Your vagus nerve tells your body to relax and take time to repair and heal. It is important you deliberately activate and strengthen your vagus nerve on a daily basis. Regularly activating your vagus nerve will improve your physical, emotional, mental and vibrational health and well being with immediate results. A simple exercise such as taking slow deep breaths will activate the vagus nerve to tell the rest of your body and to switch back into healing mode and higher brain mode.

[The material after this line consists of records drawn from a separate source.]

(* Let $H=(V,E)$ be a hypergraph whose vertex set $V$ is a partition of $[n]$ into sets of cardinality at least $2$. Choose $\bar i_I\in I$ for each $I\in V$ and let $R=\{\bar i_I\}_{I\in V}$, and let $\mathcal{J}^H|_R=\{J\in\mathcal{J}^H: J\subseteq R\}$. Then the map $J\mapsto E(J)$ is a bijection from $\mathcal{J}^H|_R$ onto $L(V)\cup E$, and the linear map $w\mapsto z$ defined by $z_{E(J)}=w_J$ for all $J\in\mathcal{J}^H|_R$ is a one-to-one correspondence between $\operatorname{proj}_{\mathcal{J}^H|_R}\mathrm{MC}^H$ and $\mathrm{MP}^H$.
   Context: Let $n$ be a positive integer, $[n]=\{1,\dots,n\}$. A hypergraph $H=(V,E)$ here has as vertex set $V$ a family of pairwise disjoint subsets of $[n]$, each of cardinality at least $2$, and hyperedge set $E$ consisting of subsets $e\subseteq V$ with $|e|\ge 2$. Write $L(V)=\{\{I\}: I\in V\}$. For a nonempty $e\subseteq V$, $\mathcal{J}^e$ denotes the family of sets $J\subseteq \bigcup_{I\in e} I$ with $|J\cap I|=1$ for every $I\in e$. Let $\mathcal{J}^H=\bigcup_{e\in L(V)\cup E}\mathcal{J}^e$. For $J$ with $|J\cap I|\le 1$ for all $I\in V$, $E(J)=\{I\in V: |J\cap I|=1\}$. For $w\in\mathbb{R}^{\mathcal{J}^H}$ write $w_i=w_{\{i\}}$ and $w(A)=\sum_{i\in A}w_i$. Let $\mathscr{S}^H=\{w\in\{0,1\}^{\mathcal{J}^H}: w(I)=1\ \forall I\in V;\ w_J=\prod_{i\in J}w_i\ \forall J\in\mathcal{J}^H, |J|>1\}$ and $\mathrm{MC}^H=\operatorname{conv}\mathscr{S}^H$. The multilinear set is $\mathcal{S}^H=\{z\in\{0,1\}^{L(V)\cup E}: z_e=\prod_{I\in e}z_I\ \forall e\in E\}$, with $z_I=z_{\{I\}}$, and $\mathrm{MP}^H=\operatorname{conv}\mathcal{S}^H$. For a finite index set $S'\subseteq S$, $\operatorname{proj}_{S'}$ extracts the coordinates indexed by $S'$ (applied elementwise to sets). *)

theory Defs
  imports "HOL-Analysis.Analysis"
begin

(* Points of R^S (S a finite index set) are represented as functions S-type => real,
   taking the value 0 outside the index set S. *)

definition conv_fun :: "('a \<Rightarrow> real) set \<Rightarrow> ('a \<Rightarrow> real) set" where
  "conv_fun S = {x. \<exists>(k::nat) (u::nat \<Rightarrow> real) (p::nat \<Rightarrow> 'a \<Rightarrow> real).
      (\<forall>i<k. 0 \<le> u i \<and> p i \<in> S) \<and> (\<Sum>i<k. u i) = 1 \<and> x = (\<lambda>j. \<Sum>i<k. u i * p i j)}"

definition proj_on :: "'a set \<Rightarrow> ('a \<Rightarrow> real) \<Rightarrow> ('a \<Rightarrow> real)" where
  "proj_on S' w = (\<lambda>J. if J \<in> S' then w J else 0)"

Many of us don't breathe properly on a daily basis. It's very important to learn to breathe properly. To do this you must learn to breathe fully and this includes breathing deeply into the abdomen. Your diaphragm is made to move more than it does when you take shallow breaths. Breathing deeply activates your vagus nerve which harnesses your calm power and makes you feel happy and relaxed.

Psoas Muscle

Shortened psoas muscles caused by stress, sitting for a long time and shallow breathing can result in chronic back pain. Lying with a pillow under your knees and breathing deeply for ten minutes can help to release these muscles and soothe a sore back. When you relax your psoas you relax gut and two nerve centres. The lumbar nerves tighten or relax the psoas depending on the messages going between your brain and gut. The solar nerves connect where the upper psoas and diaphragm join just behind your stomach and they register tension or ease.


Your two amygdala are working 24/7 to decide if there is a threat. Your amygdala triggers your fight and flight response. If there is a threat the back part of the amygdala switches on to give you the energy to flee or stand up to the threat. If no threat is found the front part of your amygdala switches on and lets you feel safe and happy. Thinking happy thoughts on purpose can activate the front part of your amgydala to make you feel happy more of the time.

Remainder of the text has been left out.